İrade açıklamalarındaki uygunlukta, sözleşmeyi oluşturan bütün objektif ve sübjektif esaslı noktaların açıkça beyan edilmesi gerekmektedir. Bir sözleşmenin objektif esaslı noktalarını sözleşmenin tip ve türünü belirleyen ve asgari içeriğini oluşturan hususlar olarak nitelendirilmekteyken, sübjektif esaslı noktalarını ise sözleşmenin içeriğine taraflarca birlikte konulan ya da karşı tarafın bilgisi altında yalnız bir tarafça sözleşmede yer alması mutlaka istenen hususlardır. Kanun hükmünden hareketle irade açıklamalarının birbirine uygun düşmemesi durumunda “uyuşmazlık” meydana gelmekte ve bu durumda sözleşmenin akdedilmesi söz konusu olmamaktadır.4

Bir diğer husus ise iradenin varlığının yeterli olmadığı, bu iradenin mutlaka beyan edilmesi gerektiğidir. İradenin açıklanması açık veya örtülü olabilmektedir. Açıklanan irade beyanlarından önceki “öneri”, diğeri ise “kabul” adını almaktadır. Bu durumda açıklanan irade beyanlarından hangisinin öneri, hangisinin kabul olduğunu belirlemek çok önemlidir. Çünkü öneri sahibi, bu beyanı ile bağlıdır. Karşı taraf öneri ile uyumlu irade beyanında bulunursa yani kabul beyanı açıklarsa taraflar arasında sözleşmenin kurulduğu kabul edilmektedir5 . Sözleşme eğer borç sözleşmesi ise; taraflardan biri “alacaklı” yani edimi talep yetkisine sahip olan, diğeri “borçlu” yani edimi ifa ile yükümlü bulunan şeklinde adlandırılmaktadır.

Özel hukuk bağlamında, sözleşme serbestîsinin esas dayanağı irade özerkliğidir. İrade özerkliği sayesinde kişilerin, diğer kişiler ile arasında hukuki ilişkilerini düzenlemede hukuk düzeninin sınırları içinde kaldığı sürece dilediği gibi sözleşme akdetme yetkisi tanımaktadır. İrade özerkliği, sözleşmeler açısından üç temel ilkeyi bünyesinde barındırmaktadır.

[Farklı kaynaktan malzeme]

(* Let $\delta,\theta\in[0,1)$. Let $\mathscr{H}$ be a complex Hilbert space with $\dim\mathscr{H}>1$, let $\mathscr{A}$ be a $C^*$-algebra with $\mathbb{K}(\mathscr{H})\subseteq\mathscr{A}\subseteq\mathbb{B}(\mathscr{H})$, let $\mathscr{E}$ be a full Hilbert $\mathscr{A}$-module, and let $S:\mathscr{E}\to\mathscr{E}$ be a nonzero bounded linear mapping satisfying $$|\langle Sx,Sy\rangle|=\|S\|^2\,|\langle x,y\rangle|\qquad(x,y\in\mathscr{E}).$$ If $T:\mathscr{E}\to\mathscr{E}$ is a linear mapping with $\|T-S\|\leq\theta\|S\|$, then $T$ is $(\delta,\varepsilon)$-orthogonality preserving, where $\varepsilon=\frac{\theta^2+2\theta+\delta}{(1-\theta)^2}$.
   Context: $\mathbb{B}(\mathscr{H})$ denotes the bounded operators and $\mathbb{K}(\mathscr{H})$ the compact operators on $\mathscr{H}$. A Hilbert $\mathscr{A}$-module is a right $\mathscr{A}$-module $\mathscr{E}$ with an $\mathscr{A}$-valued inner product $\langle\cdot,\cdot\rangle$ ($\mathbb{C}$-linear and $\mathscr{A}$-linear in the second variable, $\langle x,y\rangle^*=\langle y,x\rangle$, $\langle x,x\rangle\geq0$ with equality iff $x=0$) that is complete in the norm $\|x\|=\|\langle x,x\rangle\|^{1/2}$; it is full if the closed linear span of $\{\langle x,y\rangle\}$ is $\mathscr{A}$. For $a\in\mathscr{A}$, $|a|=(a^*a)^{1/2}$. A mapping $T$ is $(\delta,\varepsilon)$-orthogonality preserving if for all $x,y$, $\|\langle x,y\rangle\|\leq\delta\|x\|\,\|y\|$ implies $\|\langle Tx,Ty\rangle\|\leq\varepsilon\|Tx\|\,\|Ty\|$. *)

theory Defs
  imports "HOL-Analysis.Analysis"
begin

class cvec = ab_group_add +
  fixes scaleC :: "complex \<Rightarrow> 'a \<Rightarrow> 'a" (infixr \<open>*\<^sub>C\<close> 75)
  assumes scaleC_add_right: "a *\<^sub>C (x + y) = a *\<^sub>C x + a *\<^sub>C y"
    and scaleC_add_left: "(a + b) *\<^sub>C x = a *\<^sub>C x + b *\<^sub>C x"
    and scaleC_scaleC: "a *\<^sub>C (b *\<^sub>C x) = (a * b) *\<^sub>C x"
    and scaleC_one: "1 *\<^sub>C x = x"

text \<open>A complex inner product space; it is also a real inner product space
  (inner = real part of the complex inner product), which provides the norm,
  metric and topology.\<close>
class complex_inner = cvec + real_inner +
  fixes cinner :: "'a \<Rightarrow> 'a \<Rightarrow> complex"
  assumes scaleR_scaleC: "scaleR r x = complex_of_real r *\<^sub>C x"
    and inner_Re_cinner: "inner x y = Re (cinner x y)"
    and cinner_add_right: "cinner x (y + z) = cinner x y + cinner x z"
    and cinner_scaleC_right: "cinner x (c *\<^sub>C y) = c * cinner x y"
    and cinner_commute: "cinner y x = cnj (cinner x y)"

class chilbert = complex_inner + complete_space

definition clinear :: "('a::cvec \<Rightarrow> 'b::cvec) \<Rightarrow> bool" where
  "clinear f \<longleftrightarrow> (\<forall>x y. f (x + y) = f x + f y) \<and> (\<forall>c x. f (c *\<^sub>C x) = c *\<^sub>C f x)"

definition bop :: "('h::chilbert \<Rightarrow> 'h) set" where
  "bop = {f. clinear f \<and> bounded_linear f}"

definition kop :: "('h::chilbert \<Rightarrow> 'h) set" where
  "kop = {f. f \<in> bop \<and> compact (closure (f ` cball 0 1))}"

definition adjoint :: "('h::chilbert \<Rightarrow> 'h) \<Rightarrow> ('h \<Rightarrow> 'h)" where
  "adjoint f = (THE g. \<forall>x y. cinner (f x) y = cinner x (g y))"

definition positive_op :: "('h::chilbert \<Rightarrow> 'h) \<Rightarrow> bool" where
  "positive_op p \<longleftrightarrow> (\<forall>x. cinner x (p x) \<in> \<real> \<and> Re (cinner x (p x)) \<ge> 0)"

definition op_sqrt :: "('h::chilbert \<Rightarrow> 'h) \<Rightarrow> ('h \<Rightarrow> 'h)" where
  "op_sqrt b = (THE p. p \<in> bop \<and> positive_op p \<and> p \<circ> p = b)"

definition op_abs :: "('h::chilbert \<Rightarrow> 'h) \<Rightarrow> ('h \<Rightarrow> 'h)" where
  "op_abs a = op_sqrt (adjoint a \<circ> a)"

definition cstar_subalg :: "('h::chilbert \<Rightarrow> 'h) set \<Rightarrow> bool" where
  "cstar_subalg A \<longleftrightarrow> A \<subseteq> bop \<and> (\<lambda>h. 0) \<in> A
     \<and> (\<forall>a\<in>A. \<forall>b\<in>A. (\<lambda>h. a h + b h) \<in> A)
     \<and> (\<forall>a\<in>A. \<forall>c. (\<lambda>h. c *\<^sub>C a h) \<in> A)
     \<and> (\<forall>a\<in>A. \<forall>b\<in>A. a \<circ> b \<in> A)
     \<and> (\<forall>a\<in>A. adjoint a \<in> A)
     \<and> (\<forall>s b. (\<forall>n. s n \<in> A) \<and> b \<in> bop \<and> (\<lambda>n. onorm (\<lambda>h. s n h - b h)) \<longlonglongrightarrow> 0 \<longrightarrow> b \<in> A)"

definition mnorm :: "('e \<Rightarrow> 'e \<Rightarrow> ('h::chilbert \<Rightarrow> 'h)) \<Rightarrow> 'e \<Rightarrow> real" where
  "mnorm ip x = sqrt (onorm (ip x x))"

definition hilbert_module ::
  "('h::chilbert \<Rightarrow> 'h) set \<Rightarrow> ('e::cvec \<Rightarrow> ('h \<Rightarrow> 'h) \<Rightarrow> 'e) \<Rightarrow> ('e \<Rightarrow> 'e \<Rightarrow> ('h \<Rightarrow> 'h)) \<Rightarrow> bool"
  where
  "hilbert_module A act ip \<longleftrightarrow>
     \<comment> \<open>right A-module, compatible with the complex vector space structure\<close>
     (\<forall>x y. \<forall>a\<in>A. act (x + y) a = act x a + act y a)
   \<and> (\<forall>x. \<forall>a\<in>A. \<forall>b\<in>A. act x (\<lambda>h. a h + b h) = act x a + act x b)
   \<and> (\<forall>x. \<forall>a\<in>A. \<forall>b\<in>A. act (act x a) b = act x (a \<circ> b))
   \<and> (\<forall>x c. \<forall>a\<in>A. act (c *\<^sub>C x) a = c *\<^sub>C act x a \<and> act x (\<lambda>h. c *\<^sub>C a h) = c *\<^sub>C act x a)
     \<comment> \<open>A-valued inner product\<close>
   \<and> (\<forall>x y. ip x y \<in> A)
   \<and> (\<forall>x y z. ip x (y + z) = (\<lambda>h. ip x y h + ip x z h))
   \<and> (\<forall>x y c. ip x (c *\<^sub>C y) = (\<lambda>h. c *\<^sub>C ip x y h))
   \<and> (\<forall>x y. \<forall>a\<in>A. ip x (act y a) = ip x y \<circ> a)
   \<and> (\<forall>x y. adjoint (ip x y) = ip y x)
   \<and> (\<forall>x. positive_op (ip x x))
   \<and> (\<forall>x. ip x x = (\<lambda>h. 0) \<longleftrightarrow> x = 0)
     \<comment> \<open>completeness with respect to \<open>mnorm\<close>\<close>
   \<and> (\<forall>s. (\<forall>e>0. \<exists>N. \<forall>m\<ge>N. \<forall>n\<ge>N. mnorm ip (s m - s n) < e)
          \<longrightarrow> (\<exists>l. (\<lambda>n. mnorm ip (s n - l)) \<longlonglongrightarrow> 0))"

text \<open>Full: the closed linear span of the inner products is A.\<close>
definition full_module ::
  "('h::chilbert \<Rightarrow> 'h) set \<Rightarrow> ('e \<Rightarrow> 'e \<Rightarrow> ('h \<Rightarrow> 'h)) \<Rightarrow> bool" where
  "full_module A ip \<longleftrightarrow>
     (\<forall>a\<in>A. \<forall>e>0. \<exists>(n::nat) c xs ys.
        onorm (\<lambda>h. a h - (\<Sum>i<n. c i *\<^sub>C ip (xs i) (ys i) h)) < e)"

definition mbounded :: "('e \<Rightarrow> 'e \<Rightarrow> ('h::chilbert \<Rightarrow> 'h)) \<Rightarrow> ('e::cvec \<Rightarrow> 'e) \<Rightarrow> bool" where
  "mbounded ip f \<longleftrightarrow> (\<exists>K. \<forall>x. mnorm ip (f x) \<le> K * mnorm ip x)"

definition mopnorm :: "('e \<Rightarrow> 'e \<Rightarrow> ('h::chilbert \<Rightarrow> 'h)) \<Rightarrow> ('e \<Rightarrow> 'e) \<Rightarrow> real" where
  "mopnorm ip f = Sup {mnorm ip (f x) | x. mnorm ip x \<le> 1}"

definition orth_preserving ::
  "('e \<Rightarrow> 'e \<Rightarrow> ('h::chilbert \<Rightarrow> 'h)) \<Rightarrow> real \<Rightarrow> real \<Rightarrow> ('e \<Rightarrow> 'e) \<Rightarrow> bool" where
  "orth_preserving ip \<delta> \<epsilon> T \<longleftrightarrow>
     (\<forall>x y. onorm (ip x y) \<le> \<delta> * mnorm ip x * mnorm ip y
        \<longrightarrow> onorm (ip (T x) (T y)) \<le> \<epsilon> * mnorm ip (T x) * mnorm ip (T y))"

end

Bunlar, sözleşme özgürlüğü ilkesi, eşitlik ilkesi ve hukuki işlemlerde (sözleşmelerde) şekil serbestîsi ilkesi olarak karşımıza çıkmaktadır6 .

Sözleşme özgürlüğü ile kişi sözleşme yapıp yapmama, eğer yapacaksa kiminle hangi içerikte yapma gibi hususları içermektedir. Diğer bir ifade ile sözleşme yapma özgürlüğü kişinin öncelikle bir sözleşme yapıp yapmama konusunda serbest olduğu anlamına gelmekteyken ikinci aşamada bu sözleşmeyi tamamen kendi istediği bir taraf ile sözleşmenin şeklini ve içeriğini özgürce tayin edebilmesine imkân tanınmaktadır.

Anayasamızın 48. ve Türk Borçlar Kanununun 26. maddelerinde düzenlenen sözleşme özgürlüğü kendi içinde beş gruba ayrılmaktadır. Bunlar, herhangi bir sözleşmeyi yapıp yapmama; sözleşmenin karşı tarafını seçme; istenilen tip ve içerikte bir sözleşme kurma; kurulmuş olan bir sözleşmeyi değiştirme veya ortadan kaldırma ve son olarak da şekil serbestîsidir7 .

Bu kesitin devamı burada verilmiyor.